3) If the covered entity or business associate has a good faith belief that the unauthorized individual to whom the impermissible disclosure was made, would not have been able to retain the data.
Example: A physician shares X-rays films or a medical chart with a person not authorized to see the information, but realizes that a mistake has been made and retrieves the information before it is likely that any PHI has been seen and information retained.
In each instance, while breach notifications are not required, any employee that finds themselves in one of the above situations should still report the incident to their company Privacy Officer.
On all other occasions when there has been a breach of unsecured PHI, the incident must be made known to the OCR within 60 days of the identification of the breach and individuals impacted by the breach should be notified.

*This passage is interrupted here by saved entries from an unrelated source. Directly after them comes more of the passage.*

lemma not_lyapunov_stable_if_lyapunov_growth:
  fixes F :: "real \<times> real \<Rightarrow> real \<times> real" and V :: "real \<times> real \<Rightarrow> real"
  assumes lip: "\<forall>x\<in>cball p \<rho>. \<forall>y\<in>cball p \<rho>. norm (F x - F y) \<le> L * norm (x - y)"
    and "0 < L" "0 < \<rho>" "0 < r"
    and V_deriv: "\<And>x. (V has_derivative DV x) (at x)" and upper: "\<And>x. V x \<le> M * (dist x p)\<^sup>2"
    and growth: "\<And>x. dist x p < \<rho> \<Longrightarrow> r * V x \<le> DV x (F x)"
    and positive_near: "\<And>\<eta>. 0 < \<eta> \<Longrightarrow> \<exists>x. dist x p < \<eta> \<and> 0 < V x"
  shows "\<not> lyapunov_stable F p"
proof
  assume "lyapunov_stable F p"
  then have "\<exists>\<eta>>0. \<forall>x T. is_solution F x T \<and> dist (x 0) p < \<eta> \<longrightarrow>
               (\<forall>t\<in>{0..<T}. dist (x t) p < \<rho> / 2)"
    using half_gt_zero[OF \<open>0 < \<rho>\<close>] unfolding lyapunov_stable_def by blast
  then obtain \<eta> where "0 < \<eta>"
    and stable: "\<And>x T. is_solution F x T \<Longrightarrow> dist (x 0) p < \<eta> \<Longrightarrow> \<forall>t\<in>{0..<T}. dist (x t) p < \<rho> / 2"
    by blast
  obtain x0 where x0: "dist x0 p < min \<eta> \<rho>" "0 < V x0"
    using positive_near[of "min \<eta> \<rho>"] \<open>0 < \<eta>\<close> \<open>0 < \<rho>\<close> by auto
  then have "dist x0 p < \<rho>" by simp
  then obtain z t1 where "z 0 = x0" "0 < t1" "is_solution F z t1" "continuous_on {0..t1} z"
    and exit: "\<rho> \<le> dist (z t1) p"
    using lyapunov_growth_forces_exit[OF lip \<open>0 < L\<close> \<open>0 < \<rho>\<close> \<open>0 < r\<close> V_deriv upper growth
        _ \<open>0 < V x0\<close>] by blast
  have "dist (z t1) p \<le> \<rho> / 2"
  proof (rule continuous_le_on_closure[where S = "{0..<t1}" and f = "\<lambda>t. dist (z t) p" and x = t1])
    show "continuous_on (closure {0..<t1}) (\<lambda>t. dist (z t) p)"
      using \<open>0 < t1\<close> \<open>continuous_on {0..t1} z\<close> by (auto intro!: continuous_intros)
    show "t1 \<in> closure {0..<t1}" using \<open>0 < t1\<close> by simp
    have "\<forall>t\<in>{0..<t1}. dist (z t) p < \<rho> / 2"
      using stable[OF \<open>is_solution F z t1\<close>] x0 \<open>z 0 = x0\<close> by simp
    then show "dist (z t) p \<le> \<rho> / 2" if "t \<in> {0..<t1}" for t
      using that by (simp add: less_imp_le)
  qed
  then show False using exit \<open>0 < \<rho>\<close> by simp
qed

Unintentional HIPAA Violations Examples
Lost or stolen USB flash drives could be thought of by some to be examples of unintentional HIPAA violations as nobody intended for the USB flash drives to be lost or stolen. However, the loss or theft could have been reasonably predicted and potential breaches of ePHI avoided by encryption. The following examples of unintentional HIPAA violations were less predictable.
In May 2017, Olivia O’Leary (24) – a medical technician – claims to have been fired from her job at the Onslow Memorial Hospital in Jacksonville, NC, after commenting on a Facebook post. Her warning that the victim of an auto accident should have donned a seat belt was not seen by her employer as a reminder to always wear a seatbelt – O’Leary claims – but rather as a HIPAA violation.
In April 2016, the Raleigh Orthopedic Clinic in North Carolina was fined $750,000 for hiring an outside vendor to convert X-Ray films to digital form and then permitting the vendor to harvest the silver from the films. The clinic’s mistake was not having a Business Associate Agreement in place; and, as well as the fine, the clinic had to implement a Corrective Action Plan managed by the OCR.
In a further example of an unintentional HIPAA violation listed on the OCR’s website, staff were required to undergo HIPAA training when one member of staff spoke about HIV testing procedures with a patient in a waiting room – sharing the patient’s PHI to other patients in the waiting room. Following the OCR investigation, computer monitors were also repositioned to stop the accidental disclosure of PHI.
How Should Business Associates React Following an Accidental HIPAA Violation?
The proper response to an accidental HIPAA violation should be outlined in your business associate agreement.
HIPAA Rules require all accidental HIPAA breaches be reported to the covered body within 60 days of discovery, although the covered body should be alerted as soon as possible and notification should not be unnecessarily slowed down.
Business associates should supply their covered entity with as many details of the accidental HIPAA violation or breach as they can so that the covered entity can make a determination on the best course of action to implement.